Use label_mode="multiclass" when constructing
Neuroprobe2025 to load multiclass splits.
Regimes (split types). Neuroprobe defines three evaluation regimes that test different levels of generalization:
SS-SM (within-session): Train and test on data from the same subject watching the same movie. Uses 2-fold cross-validation on contiguous blocks to prevent temporal autocorrelation leakage.
SS-DM (cross-session): Train on one movie session and test on a different movie from the same subject.
DS-DM (cross-subject): Train on a fixed anchor recording (Subject 2, Trial 4) and test on a different subject and movie. This is the most challenging regime.
The default leaderboard ranking uses the cross-session (SS-DM) split.
Subset tiers. Three subset sizes control the number of subject/trial pairs and electrodes included:
"full": All eligible subject/trial pairs."lite": A curated subset of 6 subjects with 2 trials each (12 sessions), capped at 120 electrodes per subject. This is the standard benchmark configuration."nano": A single trial per subject for rapid prototyping. Only supports the within-session regime.
Metric. AUROC (Area Under the ROC Curve) remains the primary metric in binary mode. For multiclass evaluations, follow the current Neuroprobe evaluation protocol and leaderboard reporting guidelines.
Loading benchmark splits#
The Neuroprobe2025 class handles split resolution
automatically. Specify the benchmark parameters to get the correct train/test
partition:
from brainsets.datasets import Neuroprobe2025
train_ds = Neuroprobe2025(
subset_tier="lite",
test_subject=1,
test_session=1,
split="train",
label_mode="multiclass",
task="word_part_speech",
regime="SS-DM",
)
test_ds = Neuroprobe2025(
subset_tier="lite",
test_subject=1,
test_session=1,
split="test",
label_mode="multiclass",
task="word_part_speech",
regime="SS-DM",
)
The constructor resolves which recordings to load and which channel subset and time intervals to use based on the requested split.

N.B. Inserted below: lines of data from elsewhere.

(* Let $k\ge 1$ and let $T$ be an array whose positions $0,\dots,2k-1$ hold $n=2k$ elements, the first $k$ forming one list and the last $k$ another. Run $\textsc{Merge}(T,0,k,k)$ (defined in the context). Then the expected number of random bits it consumes to produce the merged array of size $n$ is $n+\Theta(\sqrt{n}\log n)$ as $n\to\infty$.
   Context: The procedure $\textsc{Merge}(T,s,n_1,n_2)$: set $i\gets s$, $j\gets s+n_1$, $n\gets s+n_1+n_2$. Repeat: draw an independent fair random bit; if it is $0$, then break out of the loop if $i=j$; if it is $1$, then break out of the loop if $j=n$, and otherwise swap $T[i]$ and $T[j]$ and set $j\gets j+1$; in either non-breaking case set $i\gets i+1$. After the loop, while $i<n$: draw an integer $m$ uniformly at random from $\{s,\dots,i\}$ (independently of everything else), swap $T[i]$ and $T[m]$, and set $i\gets i+1$. Cost model: each fair bit drawn in the first loop costs one random bit, and drawing a uniform integer from a set of $K$ elements costs $\lceil \log_2 K\rceil$ random bits. *)

theory Defs
  imports "HOL-Probability.Probability" "HOL-Library.Landau_Symbols"
begin

definition swap :: "'a list \<Rightarrow> nat \<Rightarrow> nat \<Rightarrow> 'a list" where
  "swap T a b = T[a := T ! b, b := T ! a]"

text \<open>Cost of drawing a uniform integer from a set of K elements.\<close>
definition unif_cost :: "nat \<Rightarrow> nat" where
  "unif_cost K = nat \<lceil>log 2 (real K)\<rceil>"

text \<open>Returns (array, final i, number of bits drawn).
  Breaking tests are written "j \<le> i" (for i = j) and "n \<le> j" (for j = n);
  these coincide with the original tests under the loop invariant i \<le> j \<le> n.\<close>
function merge_loop1 :: "'a list \<Rightarrow> nat \<Rightarrow> nat \<Rightarrow> nat \<Rightarrow> ('a list \<times> nat \<times> nat) pmf" where
  "merge_loop1 T i j n =
     do { b \<leftarrow> bernoulli_pmf (1 / 2);
          if \<not> b then
            (if j \<le> i then return_pmf (T, i, 1)
             else map_pmf (\<lambda>(T', i', c). (T', i', c + 1)) (merge_loop1 T (i + 1) j n))
          else
            (if n \<le> j then return_pmf (T, i, 1)
             else map_pmf (\<lambda>(T', i', c). (T', i', c + 1)) (merge_loop1 (swap T i j) (i + 1) (j + 1) n)) }"
  by pat_completeness auto
termination
  by (relation "Wellfounded.measure (\<lambda>(T, i, j, n). (j - i) + (n - j))") auto

function merge_loop2 :: "'a list \<Rightarrow> nat \<Rightarrow> nat \<Rightarrow> nat \<Rightarrow> ('a list \<times> nat) pmf" where
  "merge_loop2 T s i n =
     (if i < n then
        do { m \<leftarrow> pmf_of_set {s..i};
             map_pmf (\<lambda>(T', c). (T', c + unif_cost (card {s..i})))
               (merge_loop2 (swap T i m) s (i + 1) n) }
      else return_pmf (T, 0))"
  by pat_completeness auto
termination
  by (relation "Wellfounded.measure (\<lambda>(T, s, i, n). n - i)") auto

definition merge :: "'a list \<Rightarrow> nat \<Rightarrow> nat \<Rightarrow> nat \<Rightarrow> ('a list \<times> nat) pmf" where
  "merge T s n1 n2 =
     do { (T1, i, c1) \<leftarrow> merge_loop1 T s (s + n1) (s + n1 + n2);
          (T2, c2) \<leftarrow> merge_loop2 T1 s i (s + n1 + n2);
          return_pmf (T2, c1 + c2) }"

definition expected_bits :: "'a list \<Rightarrow> nat \<Rightarrow> nat \<Rightarrow> nat \<Rightarrow> real" where
  "expected_bits T s n1 n2 = measure_pmf.expectation (merge T s n1 n2) (\<lambda>(T', c). real c)"

end

theory Submission
  imports Defs "HOL-Real_Asymp.Real_Asymp"
begin

text \<open>
  The bits used by Merge depend only on the number \<open>d\<close> of elements still unplaced when the first
  loop stops: that loop draws \<open>n - d + 1\<close> bits and the second loop draws \<open>\<lceil>log\<^sub>2 t\<rceil>\<close> bits for
  \<open>t = n - d + 1, \<dots>, n\<close>, i.e. \<open>d \<cdot> \<Theta>(log n)\<close> bits since \<open>d \<le> k\<close>. So the excess over \<open>n\<close> is
  \<open>1 + E[d] \<cdot> \<Theta>(log n)\<close>, and it remains to show \<open>E[d] = \<Theta>(\<surd>k)\<close>. The one-step recursion of the
  underlying random walk gives \<open>E[d\<^sup>2] = 2k - 3 E[d]\<close> and \<open>E[d\<^sup>4] \<le> 12 k\<^sup>2\<close>; comparing \<open>d\<close> pointwise
  with a quadratic and a quartic polynomial in \<open>d\<close> turns these into matching bounds on \<open>E[d]\<close>.
\<close>

text \<open>
  \<open>leftover u v\<close> is the number of elements still unplaced when the first loop of Merge stops,
  started with \<open>u = j - i\<close> elements left in the first run and \<open>v = n - j\<close> in the second.
\<close>

function leftover :: "nat \<Rightarrow> nat \<Rightarrow> nat pmf" where
  "leftover u v =
     do { b \<leftarrow> bernoulli_pmf (1 / 2);
          if \<not> b then (if u = 0 then return_pmf (u + v) else leftover (u - 1) v)
          else (if v = 0 then return_pmf (u + v) else leftover u (v - 1)) }"
  by pat_completeness auto
termination
  by (relation "Wellfounded.measure (\<lambda>(u, v). u + v)") auto
(* Let $F(x)=\sum_{n\ge 1} f(n)x^n$ be a formal power series with $f(1)\neq 0$ and composita $F^{\Delta}(n,k)$ (so $F^{\Delta}(1,1)=f(1)$), and let $A(x)$ be its reverse (compositional inverse) series, i.e. the formal power series with $A(0)=0$ and $F(A(x))=x$. Then the composita of $A$ is, for $n\ge m\ge 1$, $$A^{\Delta}(n,m)=\begin{cases}\dfrac{1}{F^{\Delta}(1,1)^n}, & n=m,\\[6pt] \dfrac{m}{n\,F^{\Delta}(1,1)^n}\displaystyle\sum_{k=1}^{n-m}\binom{n+k-1}{n-1}\sum_{j=1}^{k}\frac{(-1)^j}{F^{\Delta}(1,1)^j}\binom{k}{j}F^{\Delta}(n-m+j,j), & n>m.\end{cases}$$
   Context: All generating functions are formal power series in $x$. For a power series $F(x)=\sum_{n\ge 1} f(n)x^n$ with zero constant term, its composita is the two-variable function $F^{\Delta}(n,k)$ ($n\ge k\ge 1$) defined by $F^{\Delta}(n,k)=\sum_{\lambda_1+\cdots+\lambda_k=n}f(\lambda_1)f(\lambda_2)\cdots f(\lambda_k)$, where the sum runs over all compositions of $n$ into exactly $k$ positive integer parts; equivalently $[F(x)]^k=\sum_{n\ge k}F^{\Delta}(n,k)x^n$. *)

theory Defs
  imports "HOL-Computational_Algebra.Formal_Power_Series"
begin

definition compositions :: "nat \<Rightarrow> nat \<Rightarrow> nat list set" where
  "compositions n k = {ls. length ls = k \<and> (\<forall>x\<in>set ls. 0 < x) \<and> sum_list ls = n}"

definition composita :: "'a::comm_ring_1 fps \<Rightarrow> nat \<Rightarrow> nat \<Rightarrow> 'a" where
  "composita F n k = (\<Sum>ls\<in>compositions n k. prod_list (map (fps_nth F) ls))"

end

theory Submission
  imports Defs "HOL-Computational_Algebra.Formal_Laurent_Series"
begin

(* Proof plan.
   1. The composita is a coefficient of a power: composita F n k = [x^n] F^k.
   2. Lagrange inversion, in residue form: if F(0) = 0 and F'(0) \<noteq> 0, then for
      every power series B, n [x^n] B = res((B o F)' / F^n), computed in formal
      Laurent series.  Truncating B after x^n gives B o F = sum_{k\<le>n} b_k F^k
      + F^(n+1) T; after differentiating and dividing by F^n the remainder is a
      power series (residue 0) and res(F' F^(k-1-n)) is 1 for k = n and 0
      otherwise, since F' / F^j is a derivative for j \<ge> 2.
   3. Applied to B = A^m, where A o F = x, and writing F = x G, this gives
      n [x^n] A^m = m [x^(n-m)] G^(-n).
   4. Writing G = a (1 + H) with a = F'(0), we have G^(-n) = a^(-n) (1+H)^(-n);
      expanding (1+H)^(-n) by the binomial series and H^k by the binomial
      theorem expresses [x^d] G^(-n) through [x^d] G^j = composita F (d+j) j. *)

unbundle fps_syntax

section \<open>The composita as a coefficient of a power\<close>

lemma compositions_0: "compositions n 0 = (if n = 0 then {[]} else {})"
  by (auto simp: compositions_def)

lemma compositions_Suc:
  "compositions n (Suc k) = (\<Union>l\<in>{1..n}. (#) l ` compositions (n - l) k)"
proof (intro equalityI subsetI)
  fix ls assume "ls \<in> compositions n (Suc k)"
  then obtain l xs where "ls = l # xs" "length xs = k" "0 < l" "\<forall>x\<in>set xs. 0 < x"
      "l + sum_list xs = n"
    by (cases ls) (auto simp: compositions_def)
  then show "ls \<in> (\<Union>l\<in>{1..n}. (#) l ` compositions (n - l) k)"
    by (auto simp: compositions_def intro!: bexI[of _ l])
qed (auto simp: compositions_def)

lemma finite_compositions: "finite (compositions n k)"
  by (induction k arbitrary: n) (auto simp: compositions_0 compositions_Suc)

lemma composita_power:
  fixes F :: "'a::comm_ring_1 fps"
  assumes F0: "F $ 0 = 0"
  shows "composita F n k = (F ^ k) $ n"
proof (induction k arbitrary: n)
  case 0
  then show ?case by (simp add: composita_def compositions_0)
next
  case (Suc k)
  have "composita F n (Suc k) =
      (\<Sum>l\<in>{1..n}. \<Sum>ls\<in>(#) l ` compositions (n - l) k. prod_list (map (fps_nth F) ls))"
    unfolding composita_def compositions_Suc
    by (rule sum.UNION_disjoint) (auto simp: finite_compositions)
  also have "\<dots> = (\<Sum>l\<in>{1..n}. F $ l * composita F (n - l) k)"
    by (auto simp: sum.reindex composita_def sum_distrib_left intro!: sum.cong)
  also have "\<dots> = (\<Sum>l=0..n. F $ l * (F ^ k) $ (n - l))"
    using Suc F0 by (simp add: sum.atLeast_Suc_atMost)
  also have "\<dots> = (F ^ Suc k) $ n" by (simp add: fps_mult_nth)
  finally show ?case .
qed

lemma composita_shift:
  fixes F :: "'a::comm_ring_1 fps"
  assumes F0: "F $ 0 = 0"
  shows "composita F (d + j) j = (fps_shift 1 F ^ j) $ d"
proof -
  have "F = fps_shift 1 F * fps_X"
    using F0 by (intro fps_ext) (simp add: fps_X_mult_right_nth)
  then have "composita F (d + j) j = (fps_shift 1 F ^ j * fps_X ^ j) $ (d + j)"
    using composita_power[OF F0] by (metis power_mult_distrib)
  then show ?thesis by (simp add: fps_X_power_mult_right_nth)
qed

section \<open>Lagrange inversion via residues\<close>

lemma fps_compose_inverse_commute:
  fixes F A :: "'a::field fps"
  assumes F0: "F $ 0 = 0" and F1: "F $ 1 \<noteq> 0" and A0: "A $ 0 = 0"
    and inv: "F oo A = fps_X"
  shows "A oo F = fps_X"
proof -
  have "fps_inv F = (fps_inv F oo F) oo A"
    using inv fps_compose_assoc[OF A0 F0] by simp
  also have "\<dots> = A" using fps_inv[OF F0 F1] A0 by simp
  finally show ?thesis using fps_inv[OF F0 F1] by simp
qed

lemma fps_compose_truncation:
  fixes B F :: "'a::field fps"
  assumes F0: "F $ 0 = 0"
  shows "B oo F = (\<Sum>k=0..N. fps_const (B $ k) * F ^ k) + F ^ Suc N * (fps_shift (Suc N) B oo F)"
proof -
  have low: "(\<Sum>k=0..N. fps_const (B $ k) * fps_X ^ k) $ i = (if i \<le> N then B $ i else 0)" for i
    by (simp add: fps_sum_nth fps_X_power_nth if_distrib[of "\<lambda>x. _ * x"] sum.delta cong: if_cong)
  have trunc: "B = (\<Sum>k=0..N. fps_const (B $ k) * fps_X ^ k) + fps_shift (Suc N) B * fps_X ^ Suc N"
    by (rule fps_ext) (simp add: low fps_X_power_mult_right_nth del: power_Suc)
  show ?thesis
    by (subst trunc)
      (simp add: fps_compose_add_distrib fps_compose_sum_distrib fps_compose_mult_distrib[OF F0]
        fps_compose_power[OF F0, symmetric] F0 mult.commute)
qed

lemma fps_deriv_compose_truncation:
  fixes B F :: "'a::field fps"
  assumes F0: "F $ 0 = 0"
  obtains Q where "fps_deriv (B oo F) =
    (\<Sum>k=1..n. fps_const (of_nat k * B $ k) * fps_deriv F * F ^ (k - 1)) + F ^ n * Q"
proof
  define T where "T = fps_shift (Suc n) B oo F"
  have "fps_deriv (\<Sum>k=0..n. fps_const (B $ k) * F ^ k) =
      (\<Sum>k=0..n. fps_const (of_nat k * B $ k) * fps_deriv F * F ^ (k - 1))"
    by (simp add: fps_deriv_sum fps_deriv_power algebra_simps flip: fps_const_mult)
  also have "\<dots> = (\<Sum>k=1..n. fps_const (of_nat k * B $ k) * fps_deriv F * F ^ (k - 1))"
    by (simp add: sum.atLeast_Suc_atMost)
  finally have low: "fps_deriv (\<Sum>k=0..n. fps_const (B $ k) * F ^ k) = \<dots>" .
  have high: "fps_deriv (F ^ Suc n * T) =
      F ^ n * (fps_const (of_nat (Suc n)) * fps_deriv F * T + F * fps_deriv T)"
    by (simp only: fps_deriv_mult fps_deriv_power) (simp add: algebra_simps)
  show "fps_deriv (B oo F) = (\<Sum>k=1..n. fps_const (of_nat k * B $ k) * fps_deriv F * F ^ (k - 1))
      + F ^ n * (fps_const (of_nat (Suc n)) * fps_deriv F * T + F * fps_deriv T)"
    using fps_compose_truncation[OF F0, of B n] low high by (simp add: T_def)
qed

lemma fps_to_fls_sum: "fps_to_fls (sum g S) = (\<Sum>x\<in>S. fps_to_fls (g x))"
  by (induction S rule: infinite_finite_induct) auto

lemma fls_residue_sum: "fls_residue (sum g S) = (\<Sum>x\<in>S. fls_residue (g x))"
  by (induction S rule: infinite_finite_induct) (auto simp del: fls_residue_def simp: fls_residue_add, simp_all)

(* res(f' / f^j) is 1 for j = 1 and 0 for j \<ge> 2, when f has a simple zero:
   for j \<ge> 2 the integrand is the derivative of -f^(1-j)/(j-1). *)
lemma fls_residue_deriv_times_inverse_power:
  fixes f :: "'a::field_char_0 fls"
  assumes sd: "fls_subdegree f = 1" and j: "j \<ge> 1"
  shows "fls_residue (fls_deriv f * inverse f ^ j) = (if j = 1 then 1 else 0)"
proof (cases "j = 1")
  case True
  then show ?thesis using fls_residue_deriv_times_inverse_eq_subdegree(1)[of f] sd by simp
next
  case False
  then obtain p where p: "j = Suc p" "p \<ge> 1" using j by (cases j) auto
  have "fls_deriv (inverse f ^ p) = of_nat p * inverse f ^ (p - 1) * (- fls_deriv f * inverse f ^ 2)"
    by (simp add: fls_deriv_power fls_inverse_deriv)
  also have "\<dots> = - (of_nat p * (fls_deriv f * inverse f ^ j))"
    using p by (cases p) (auto simp: algebra_simps power2_eq_square)
  finally have "fls_deriv (inverse f ^ p) = - (of_nat p * (fls_deriv f * inverse f ^ j))" .
  moreover have "fls_const (inverse (of_nat p)) * of_nat p = (1::'a fls)"
    using p by (simp add: fls_of_nat fls_const_mult_const)
  ultimately have "fls_deriv f * inverse f ^ j = - fls_const (inverse (of_nat p)) * fls_deriv (inverse f ^ p)"
    by (simp add: mult.assoc[symmetric])
  then show ?thesis using False by (simp only: fls_residue_fls_const_times mult_minus_left) simp
qed

lemma lagrange_residue:
  fixes B F :: "'a::field_char_0 fps"
  assumes F0: "F $ 0 = 0" and F1: "F $ 1 \<noteq> 0"
  shows "of_nat n * B $ n = fls_residue (fps_to_fls (fps_deriv (B oo F)) * inverse (fps_to_fls F) ^ n)"
proof -
  define f where "f = fps_to_fls F"
  have "subdegree F = 1" by (rule subdegreeI) (use F0 F1 in auto)
  then have sdf: "fls_subdegree f = 1" by (simp add: f_def fls_subdegree_fls_to_fps)
  then have f0: "f \<noteq> 0" by auto
  obtain Q where Q: "fps_deriv (B oo F) =
      (\<Sum>k=1..n. fps_const (of_nat k * B $ k) * fps_deriv F * F ^ (k - 1)) + F ^ n * Q"
    using fps_deriv_compose_truncation[OF F0] .
  have low: "fls_residue (fps_to_fls (fps_const (of_nat k * B $ k) * fps_deriv F * F ^ (k - 1))
      * inverse f ^ n) = (if k = n then of_nat n * B $ n else 0)" if k: "k \<in> {1..n}" for k
  proof -
    have "n = (k - 1) + (n - k + 1)" using k by simp
    then have "inverse f ^ n = inverse f ^ (k - 1) * inverse f ^ (n - k + 1)"
      by (metis power_add)
    then have "f ^ (k - 1) * inverse f ^ n = inverse f ^ (n - k + 1)"
      using f0 by (simp add: mult.assoc[symmetric] flip: power_mult_distrib)
    then have "fps_to_fls (fps_const (of_nat k * B $ k) * fps_deriv F * F ^ (k - 1)) * inverse f ^ n
        = fls_const (of_nat k * B $ k) * (fls_deriv f * inverse f ^ (n - k + 1))"
      by (simp add: f_def fls_times_fps_to_fls fps_to_fls_power fls_deriv_fps_to_fls mult.assoc)
    then show ?thesis
      using fls_residue_deriv_times_inverse_power[OF sdf, of "n - k + 1"] k
      by (auto simp del: fls_residue_def simp: fls_residue_fls_const_times)
  qed
  have high: "fls_residue (fps_to_fls (F ^ n * Q) * inverse f ^ n) = 0"
    using f0 by (simp add: f_def fls_times_fps_to_fls fps_to_fls_power mult_ac flip: power_mult_distrib)
  have "fls_residue (fps_to_fls (fps_deriv (B oo F)) * inverse f ^ n) = (\<Sum>k=1..n.
      fls_residue (fps_to_fls (fps_const (of_nat k * B $ k) * fps_deriv F * F ^ (k - 1)) * inverse f ^ n))"
    unfolding Q fps_to_fls_plus distrib_right fls_residue_add high fps_to_fls_sum sum_distrib_right
      fls_residue_sum by simp
  also have "\<dots> = (\<Sum>k=1..n. if k = n then of_nat n * B $ n else 0)"
    by (rule sum.cong[OF refl low])
  finally have "fls_residue (fps_to_fls (fps_deriv (B oo F)) * inverse f ^ n) = \<dots>" .
  then show ?thesis by (cases n) (simp_all add: f_def)
qed

lemma fls_residue_X_power_times_inverse:
  fixes G :: "'a::field fps"
  assumes G0: "G $ 0 \<noteq> 0" and j: "j < n"
  shows "fls_residue (fls_X ^ j * inverse (fps_to_fls (fps_X * G)) ^ n) = (inverse G ^ n) $ (n - Suc j)"
proof -
  have "inverse (fps_to_fls (fps_X * G)) = fls_X_inv * fps_to_fls (inverse G)"
    using G0 by (simp add: fls_times_fps_to_fls fls_inverse_fps_to_fls fls_inverse_X)
  then have shift: "fls_X ^ j * inverse (fps_to_fls (fps_X * G)) ^ n
      = fls_shift (int n - int j) (fps_to_fls (inverse G ^ n))"
    by (simp add: power_mult_distrib fps_to_fls_power fls_X_power_times_conv_shift
        fls_X_inv_power_times_conv_shift mult.assoc[symmetric])
  have index: "-1 + (int n - int j) = int (n - Suc j)" using j by simp
  show ?thesis
    unfolding shift fls_residue_def fls_shift_nth index fps_to_fls_nth by simp
qed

Within-session (SS-SM) uses 2-fold cross-validation. You can iterate over folds:
from brainsets.datasets import Neuroprobe2025
for fold in range(Neuroprobe2025.num_folds_for_regime("SS-SM")):
train_ds = Neuroprobe2025(
subset_tier="lite",
test_subject=1,
test_session=1,
split="train",
task="speech",
regime="SS-SM",
fold=fold,
)
test_ds = Neuroprobe2025(
subset_tier="lite",
test_subject=1,
test_session=1,
split="test",
task="speech",
regime="SS-SM",
fold=fold,
)
Accessing neural data and labels#
Each recording exposes sEEG data as a RegularTimeSeries
sampled at 2048 Hz, along with split-specific sampling intervals and
channel inclusion masks:
intervals = train_ds.get_sampling_intervals()
for recording_id, interval in intervals.items():
rec = train_ds.get_recording(recording_id)
print(rec.seeg_data.data.shape)
print(interval.start[:5], interval.end[:5])
print(interval.label[:5])
The interval.label array contains class labels for each trial window
(binary or multiclass, depending on label_mode).
Channel metadata (electrode names, coordinates, inclusion masks) is available
via get_channel_metadata():
meta = train_ds.get_channel_metadata(recording_id)
print(meta["names"])
print(meta["coords"]) # LIP coordinates
print(meta["included_mask"]) # benchmark electrode subset
Loading raw recordings#
If you want access to full continuous recordings without benchmark splits
(e.g. for pre-training), pass explicit recording_ids:
from brainsets.datasets import Neuroprobe2025
ds = Neuroprobe2025(recording_ids=["sub_1_trial001", "sub_2_trial004"])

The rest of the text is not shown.